The Child can finish execution and until reclaimed by the parent using the wait() or waitpid() calls will be in ZOMBIE state. Child可以完成执行，直到父级使用wait（）或waitpid（）调用回收，将处于ZOMBIE状态。 This will help clear the child's process entry from the process table and allow the child pid to be reused. 这将有助于从进程表中清除子进程的进程，并允许重用子进程。 Usually when a child dies, the SIGCHLD signal is sent out to the parent which would ideally result in a handler being called subsequent to which the wait() call is executed in that handler. 通常当一个子节点死亡时，SIGCHLD信号被发送到父节点，这将理想地导致在该处理程序中执行wait（）调用之后调用处理程序。
In case the Parent exits without cleaning up the already running or zombie child (via the wait() waitpid calls), the init() process (PID 1) becomes the parent to these now orphan children. 如果Parent退出但没有清理已经运行或僵尸的子进程（通过wait（）waitpid调用），init（）进程（PID 1）将成为这些现在孤儿的父进程。 This init() process executes wait() or waitpid() calls at regular intervals. 此init（）进程定期执行wait（）或waitpid（）调用。

EDIT: typos HTH 编辑：错别字HTH

Yes, they are separate processes, but with some special "properties". 是的，它们是独立的过程，但有一些特殊的“属性”。 One of them is the child-parent relation. 其中之一是孩子与父母的关系。

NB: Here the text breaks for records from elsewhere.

lemma log_fail_ratio_partial_A_neg:
  fixes A B pr lam q :: real
  assumes "0 < B" "B \<le> A" "0 \<le> pr" "0 < q" "0 < lam" "lam < 1"
  shows "(2 * pr * B + q) / fail_H pr lam q A B - 1 / (lam * A + (1 - lam) * B) - pr / fail_L pr lam q A B < 0"
proof -
  define D where "D = lam * A + (1 - lam) * B"
  define fH where "fH = fail_H pr lam q A B"
  define fL where "fL = fail_L pr lam q A B"
  have A: "0 < A"
    using assms by linarith
  have pos: "0 < D" "0 < fH" "0 < fL"
    using assms A fail_H_pos[OF A] fail_L_pos[OF A] by (auto simp: D_def fH_def fL_def intro: add_pos_nonneg)
  have "B * fL \<le> fH"
  proof -
    have "fH - B * fL = lam * (A - B) * (pr * B + q)"
      by (simp add: fH_def fL_def fail_H_def fail_L_def algebra_simps)
    also have "\<dots> \<ge> 0"
      using assms by simp
    finally show ?thesis by simp
  qed
  moreover have "(1 - lam) * B < D"
    using assms A by (simp add: D_def)
  ultimately have "(1 - lam) * B * (B * fL) < D * fH"
    using assms pos by (intro mult_less_le_imp_less) auto
  then have "0 \<le> pr * (D * fH - (1 - lam) * B * (B * fL))"
    using assms by simp
  moreover have "fH * fL + pr * fH * D - (2 * pr * B + q) * D * fL
      = lam * q * B * fL + pr * (D * fH - (1 - lam) * B * (B * fL))"
    by (simp add: D_def fH_def fL_def fail_H_def fail_L_def algebra_simps power2_eq_square)
  moreover have "0 < lam * q * B * fL"
    using assms pos by simp
  ultimately have "(2 * pr * B + q) * D * fL < fH * fL + pr * fH * D"
    by linarith
  with pos show ?thesis
    unfolding D_def[symmetric] fH_def[symmetric] fL_def[symmetric] by (simp add: field_simps)
qed

lemma log_fail_ratio_partial_B_pos:
  fixes A B pr lam q :: real
  assumes "0 < B" "B \<le> A" "0 \<le> pr" "0 < q" "0 < lam" "lam < 1"
  shows "0 < (2 * pr * (lam * A + (1 - lam) * B) + q) / fail_H pr lam q A B
             - (1 - lam) / (lam * A + (1 - lam) * B) - pr / fail_L pr lam q A B"
proof -
  define D where "D = lam * A + (1 - lam) * B"
  define fH where "fH = fail_H pr lam q A B"
  define fL where "fL = fail_L pr lam q A B"
  have A: "0 < A"
    using assms by linarith
  have pos: "0 < D" "0 < fH" "0 < fL"
    using assms A fail_H_pos[OF A] fail_L_pos[OF A] by (auto simp: D_def fH_def fL_def intro: add_pos_nonneg)
  have "fH \<le> D * fL"
  proof -
    have "D * fL - fH = lam\<^sup>2 * (A - B) * (pr * A + q)"
      by (simp add: D_def fH_def fL_def fail_H_def fail_L_def algebra_simps power2_eq_square)
    also have "\<dots> \<ge> 0"
      using assms by simp
    finally show ?thesis by simp
  qed
  have "(1 - lam) * fL < pr * D + q"
  proof -
    have "pr * D + q - (1 - lam) * fL = lam\<^sup>2 * (pr * A + q)"
      by (simp add: D_def fL_def fail_L_def algebra_simps power2_eq_square)
    also have "\<dots> > 0"
      using assms A by (simp add: add_nonneg_pos)
    finally show ?thesis by simp
  qed
  have "fH * ((1 - lam) * fL + pr * D) \<le> D * fL * ((1 - lam) * fL + pr * D)"
    using \<open>fH \<le> D * fL\<close> assms pos by (intro mult_right_mono) auto
  also have "\<dots> < D * fL * (2 * pr * D + q)"
    using \<open>(1 - lam) * fL < pr * D + q\<close> pos by (intro mult_strict_left_mono) (auto simp: algebra_simps)
  finally have "fH * ((1 - lam) * fL + pr * D) < D * fL * (2 * pr * D + q)" .
  with pos show ?thesis
    unfolding D_def[symmetric] fH_def[symmetric] fL_def[symmetric] by (simp add: field_simps)
qed
(* Let $k'\geq 2$, $h\geq 1$ and $r$ be integers with $1\leq r\leq k'-1$, and let $n'=hk'+r$. Then there exist positive integers $s$ and $k$ such that $C_{sk}^k$ has a minor isomorphic to $C_{n'}^{k'}$ if and only if $r\leq h-1$.
   Context: For integers $n\geq2$, $1\leq k\leq n-1$, $\mathbb{Z}_n=\{0,\dots,n-1\}$ with addition modulo $n$, and $C_n^k$ is the $n\times n$ circulant $0,1$ matrix whose $i$-th row ($i\in\mathbb{Z}_n$) is the incidence vector of $\{i,i+1,\dots,i+k-1\}$ (mod $n$). For a $0,1$ matrix $A$ with columns indexed by $\mathbb{Z}_n$ and $N\subset\mathbb{Z}_n$, the minor $A/N$ (obtained by contraction of $N$) is the submatrix obtained by removing the columns indexed by $N$ and then removing all dominating rows (a row $v$ is dominating if $v\geq u$ for some other row $u\neq v$). "Minor" always means a minor obtained by contraction; two matrices are isomorphic if one is obtained from the other by permuting rows and columns. *)

theory Defs
  imports Main
begin

text \<open>A 0,1 matrix is represented by its column index set together with the
  set of its rows, each row being given by its support (a set of column indices).\<close>

type_synonym matrix01 = "nat set \<times> nat set set"

definition circ :: "nat \<Rightarrow> nat \<Rightarrow> matrix01" where
  "circ n k = ({0..<n}, {{(i + j) mod n | j. j < k} | i. i < n})"

definition contract :: "matrix01 \<Rightarrow> nat set \<Rightarrow> matrix01" where
  "contract A N =
     (let R = (\<lambda>v. v - N) ` snd A
      in (fst A - N, {v \<in> R. \<not> (\<exists>u\<in>R. u \<noteq> v \<and> u \<subseteq> v)}))"

text \<open>Isomorphism: permutation of rows and columns.\<close>
definition iso01 :: "matrix01 \<Rightarrow> matrix01 \<Rightarrow> bool" where
  "iso01 A B \<longleftrightarrow> (\<exists>f. bij_betw f (fst A) (fst B) \<and> (\<lambda>v. f ` v) ` snd A = snd B)"

definition has_minor_iso :: "matrix01 \<Rightarrow> matrix01 \<Rightarrow> bool" where
  "has_minor_iso A B \<longleftrightarrow> (\<exists>N. N \<subseteq> fst A \<and> iso01 (contract A N) B)"

end

theory Submission
  imports Defs "HOL-Number_Theory.Cong"
begin

text \<open>
  Contracting the columns N of C_{sk}^k leaves the kept columns C, and the rows of the minor are
  the minimal sets among the traces window \<inter> C of the rows. A minimal trace is always the trace
  of the window starting just after a kept column (the last kept column before it). If the minor
  is C_{n'}^{k'}, there are n' = |C| such traces, all of size k'; hence each window after a kept
  column meets C in exactly k' columns, and any window meets C in at least k' and at most k' + 1
  columns. Cutting Z_{sk} into s consecutive windows gives s k' \<le> n' \<le> k' + (s - 1)(k' + 1),
  which forces s \<le> h and then r \<le> s - 1 \<le> h - 1.
  Conversely, if r < h, keeping the multiples of h in C_{hn'}^{n'} gives C_{n'}^{k'}: every window
  of length n' = hk' + r contains k' consecutive kept multiples of h, and the windows starting
  r positions before a multiple of h contain exactly those.
\<close>

section \<open>Cyclic intervals\<close>

definition window :: "nat \<Rightarrow> nat \<Rightarrow> nat \<Rightarrow> nat set" where
  "window n k a = {(a + j) mod n | j. j < k}"

lemma window_eq_image: "window n k a = (\<lambda>j. (a + j) mod n) ` {0..<k}"
  by (auto simp: window_def)

lemma mem_window: "x \<in> window n k a \<longleftrightarrow> (\<exists>j<k. x = (a + j) mod n)"
  by (auto simp: window_def)

lemma finite_window [simp]: "finite (window n k a)"
  by (simp add: window_eq_image)

lemma window_subset: "0 < n \<Longrightarrow> window n k a \<subseteq> {0..<n}"
  by (auto simp: window_def)

lemma window_mod_eq: "a mod n = b mod n \<Longrightarrow> window n k a = window n k b"
  unfolding window_eq_image by (metis mod_add_left_eq)

lemma window_mono: "k \<le> m \<Longrightarrow> window n k a \<subseteq> window n m a"
  unfolding window_eq_image by (rule image_mono) simp

lemma window_add_length: "window n (i + k) a = window n i a \<union> window n k (a + i)"
proof
  show "window n (i + k) a \<subseteq> window n i a \<union> window n k (a + i)"
  proof
    fix x assume "x \<in> window n (i + k) a"
    then obtain j where "j < i + k" "x = (a + j) mod n" by (auto simp: mem_window)
    then show "x \<in> window n i a \<union> window n k (a + i)"
    proof (cases "j < i")
      case False
      then have "x = (a + i + (j - i)) mod n" using \<open>x = (a + j) mod n\<close> by simp
      moreover have "j - i < k" using \<open>j < i + k\<close> False by simp
      ultimately have "x \<in> window n k (a + i)" unfolding mem_window by blast
      then show ?thesis by simp
    qed (auto simp: mem_window)
  qed
  have "window n k (a + i) \<subseteq> window n (i + k) a"
  proof
    fix x assume "x \<in> window n k (a + i)"
    then obtain j where "j < k" "x = (a + (i + j)) mod n" by (auto simp: mem_window add.assoc)
    then show "x \<in> window n (i + k) a" unfolding mem_window by (intro exI[of _ "i + j"]) simp
  qed
  then show "window n i a \<union> window n k (a + i) \<subseteq> window n (i + k) a"
    using window_mono[of i "i + k"] by auto
qed

lemma window_subset_insert_Suc: "window n k a \<subseteq> insert (a mod n) (window n k (Suc a))"
proof
  fix x assume "x \<in> window n k a"
  then obtain j where "j < k" "x = (a + j) mod n" by (auto simp: mem_window)
  then show "x \<in> insert (a mod n) (window n k (Suc a))"
  proof (cases j)
    case (Suc j')
    then have "x = (Suc a + j') mod n" using \<open>x = (a + j) mod n\<close> by simp
    moreover have "j' < k" using \<open>j < k\<close> Suc by simp
    ultimately have "x \<in> window n k (Suc a)" unfolding mem_window by blast
    then show ?thesis by simp
  qed simp
qed

lemma inj_on_add_mod: "inj_on (\<lambda>j. (a + j) mod n) {0..<n}" for a n :: nat
proof (rule inj_onI)
  fix i j assume "i \<in> {0..<n}" "j \<in> {0..<n}" "(a + i) mod n = (a + j) mod n"
  then show "i = j"
    using cong_add_lcancel_nat[of a i j n] by (simp add: cong_def)
qed

lemma card_window: "k \<le> n \<Longrightarrow> card (window n k a) = k"
  unfolding window_eq_image
  by (subst card_image) (auto intro: inj_on_subset[OF inj_on_add_mod])

lemma window_full: "0 < n \<Longrightarrow> window n n a = {0..<n}"
  by (rule card_subset_eq) (simp_all add: window_subset card_window)

lemma inj_on_window:
  assumes "0 < k" "k < n"
  shows "inj_on (window n k) {0..<n}"
proof (rule inj_onI)
  fix a b assume a: "a \<in> {0..<n}" and b: "b \<in> {0..<n}" and eq: "window n k a = window n k b"
  have pred_notin: "(c + (n - 1)) mod n \<notin> window n k c" for c
    using inj_on_add_mod[of c n, THEN inj_onD, of "n - 1"] assms
    by (fastforce simp: mem_window)
  obtain j where j: "j < k" "b = (a + j) mod n"
    using eq assms b by (metis mem_window add_0_right atLeastLessThan_iff mod_less)
  have "j = 0"
  proof (rule ccontr)
    assume "j \<noteq> 0"
    then have "a + j + (n - 1) = a + (j - 1) + n" using assms by simp
    then have "(b + (n - 1)) mod n = (a + (j - 1)) mod n"
      using j(2) by (metis mod_add_left_eq mod_add_self2)
    moreover have "j - 1 < k" using j by simp
    ultimately have "(b + (n - 1)) mod n \<in> window n k a" unfolding mem_window by blast
    then show False using pred_notin[of b] eq by simp
  qed
  then show "a = b" using a j by simp
qed

lemma window_inter_shift:
  assumes "\<forall>j<i. (a + j) mod n \<notin> C"
  shows "window n k a \<inter> C \<subseteq> window n k (a + i)"
proof
  fix x assume "x \<in> window n k a \<inter> C"
  then obtain j where j: "j < k" "x = (a + j) mod n" "x \<in> C" by (auto simp: mem_window)
  then have "i \<le> j" using assms by (meson not_le)
  then have "x = (a + i + (j - i)) mod n" using j by simp
  moreover have "j - i < k" using j by simp
  ultimately show "x \<in> window n k (a + i)" unfolding mem_window by blast
qed

lemma ex_window_Suc_inter_subset:
  assumes "C \<subseteq> {0..<n}" "C \<noteq> {}"
  shows "\<exists>d\<in>C. window n k (Suc d) \<inter> C \<subseteq> window n k b"
proof -
  have n: "0 < n" using assms by auto
  obtain x where "x \<in> C" using assms by blast
  then have "x \<in> window n n b" using assms window_full[OF n, of b] by auto
  then obtain j0 where "j0 < n" "(b + j0) mod n \<in> C" using \<open>x \<in> C\<close> by (auto simp: mem_window)
  then obtain j where j: "j < n" "(b + j) mod n \<in> C"
    and last: "\<And>i. i < n \<Longrightarrow> (b + i) mod n \<in> C \<Longrightarrow> i \<le> j"
    using Nat.ex_has_greatest_nat[of "\<lambda>j. j < n \<and> (b + j) mod n \<in> C" j0 n] by auto
  \<comment> \<open>so (b + j) mod n is the last kept column before b, cyclically\<close>
  have gap: "\<forall>i<n - Suc j. (b + Suc j + i) mod n \<notin> C"
  proof (intro allI impI)
    fix i assume "i < n - Suc j"
    then show "(b + Suc j + i) mod n \<notin> C"
      using last[of "Suc j + i"] by (auto simp: add.assoc less_diff_conv)
  qed
  have "window n k (Suc ((b + j) mod n)) = window n k (b + Suc j)"
    by (rule window_mod_eq) (simp add: mod_Suc_eq)
  moreover have "window n k (b + Suc j + (n - Suc j)) = window n k b"
    using j by (intro window_mod_eq) simp
  ultimately have "window n k (Suc ((b + j) mod n)) \<inter> C \<subseteq> window n k b"
    using window_inter_shift[OF gap, of k] by metis
  then show ?thesis using j by blast
qed

lemma window_inter_subset_insert:
  assumes "window n k a \<inter> C \<noteq> {}"
  shows "\<exists>d\<in>C. window n k a \<inter> C \<subseteq> insert d (window n k (Suc d) \<inter> C)"
proof -
  have "\<exists>j. j < k \<and> (a + j) mod n \<in> C" using assms by (auto simp: mem_window)
  then obtain j where j: "j < k" "(a + j) mod n \<in> C"
    and least: "\<And>i. i < j \<Longrightarrow> \<not> (i < k \<and> (a + i) mod n \<in> C)"
    unfolding exists_least_iff[of "\<lambda>j. j < k \<and> (a + j) mod n \<in> C"] by blast
  \<comment> \<open>(a + j) mod n is the first kept column of the window\<close>
  have first: "\<And>i. i < j \<Longrightarrow> (a + i) mod n \<notin> C"
    using least j(1) by (meson order.strict_trans)
  have "window n k a \<inter> C \<subseteq> window n k (a + j) \<inter> C"
    using window_inter_shift[of j a n C k] first by auto
  also have "\<dots> \<subseteq> insert ((a + j) mod n) (window n k (Suc (a + j)) \<inter> C)"
    using window_subset_insert_Suc[of n k "a + j"] by auto
  also have "window n k (Suc (a + j)) = window n k (Suc ((a + j) mod n))"
    by (rule window_mod_eq) (simp add: mod_Suc_eq)
  finally show ?thesis using j by blast
qed

lemma card_window_inter_le:
  assumes "\<And>d. d \<in> C \<Longrightarrow> card (window n k (Suc d) \<inter> C) \<le> m"
  shows "card (window n k a \<inter> C) \<le> Suc m"
proof (cases "window n k a \<inter> C = {}")
  case False
  then obtain d where "d \<in> C" and sub: "window n k a \<inter> C \<subseteq> insert d (window n k (Suc d) \<inter> C)"
    using window_inter_subset_insert by blast
  have "card (window n k a \<inter> C) \<le> card (insert d (window n k (Suc d) \<inter> C))"
    using sub by (intro card_mono) auto
  also have "\<dots> \<le> Suc (card (window n k (Suc d) \<inter> C))"
    by (simp add: card_insert_le_m1 card_insert_if)
  finally show ?thesis using assms[OF \<open>d \<in> C\<close>] by simp
qed simp

lemma window_add_eq_image: "window n k (a + m) = (\<lambda>j. (a + j) mod n) ` {m..<m + k}"
proof -
  have "window n k (a + m) = (\<lambda>j. (a + j) mod n) ` ((+) m ` {0..<k})"
    by (simp only: window_eq_image image_image add.assoc)
  also have "(+) m ` {0..<k} = {m..<m + k}" by (simp add: add.commute)
  finally show ?thesis .
qed

lemma card_eq_sum_windows:
  assumes "0 < s" "0 < k" "C \<subseteq> {0..<s * k}"
  shows "card C = (\<Sum>t<s. card (window (s * k) k (a + t * k) \<inter> C))"
proof -
  define n where "n = s * k"
  define f where "f = (\<lambda>j. (a + j) mod n)"
  define I where "I = (\<lambda>t. {t * k..<t * k + k})"
  have win: "window n k (a + t * k) = f ` I t" for t
    by (simp add: window_add_eq_image f_def I_def)
  have I_sub: "I t \<subseteq> {0..<n}" if "t < s" for t
  proof -
    have "t * k + k \<le> s * k" using that by (metis add.commute mult_Suc less_eq_Suc_le mult_le_mono1)
    then show ?thesis by (auto simp: I_def n_def)
  qed
  have "{0..<n} \<subseteq> (\<Union>t<s. I t)"
  proof
    fix j assume "j \<in> {0..<n}"
    then have "j div k < s" by (simp add: n_def less_mult_imp_div_less)
    moreover have "j \<in> I (j div k)"
      using assms(2) by (auto simp: I_def) (metis div_mult_mod_eq mod_less_divisor add_less_cancel_left)
    ultimately show "j \<in> (\<Union>t<s. I t)" by blast
  qed
  then have "f ` {0..<n} \<subseteq> (\<Union>t<s. f ` I t)" by blast
  moreover have "f ` {0..<n} = {0..<n}"
    using window_full[of n a] assms by (simp add: n_def window_eq_image f_def)
  ultimately have "{0..<n} \<subseteq> (\<Union>t<s. f ` I t)" by simp
  then have C_eq: "C = (\<Union>t<s. window n k (a + t * k) \<inter> C)"
    using assms(3)[folded n_def] by (auto simp: win)
  have "f ` I t \<inter> f ` I t' = {}" if "t < s" "t' < s" "t \<noteq> t'" for t t'
  proof -
    have "I t \<inter> I t' = {}"
    proof (cases "t < t'")
      case True
      then have "t * k + k \<le> t' * k" by (metis add.commute mult_Suc less_eq_Suc_le mult_le_mono1)
      then show ?thesis by (auto simp: I_def)
    next
      case False
      then have "t' * k + k \<le> t * k" using that
        by (metis add.commute mult_Suc less_eq_Suc_le mult_le_mono1 linorder_neqE_nat)
      then show ?thesis by (auto simp: I_def)
    qed
    then show ?thesis
      using inj_on_image_Int[OF inj_on_add_mod[of a n] I_sub[OF that(1)] I_sub[OF that(2)]]
      by (simp add: f_def)
  qed
  then have "card (\<Union>t<s. window n k (a + t * k) \<inter> C) = (\<Sum>t<s. card (window n k (a + t * k) \<inter> C))"
    by (intro card_UN_disjoint) (auto simp: win I_def)
  then show ?thesis using C_eq by (simp add: n_def)
qed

But more important is the sharing of memory pages in a copy-on-write (COW) manner: until the one of them performs a write (to a global variable or whatever) on a page, the memory pages are shared. 但更重要的是以写时复制（COW）方式共享内存页：直到其中一个执行页面上的写入（全局变量或其他），内存页面被共享。 When a write is performed, a copy of that page is created by the kernel and mapped at the right address. 执行写入时，内核会创建该页面的副本并映射到正确的地址。

The COW magic is done by in the kernel by marking the pages as read-only and using the fault mechanism. 通过在内核中将页面标记为只读并使用故障机制来完成COW魔术。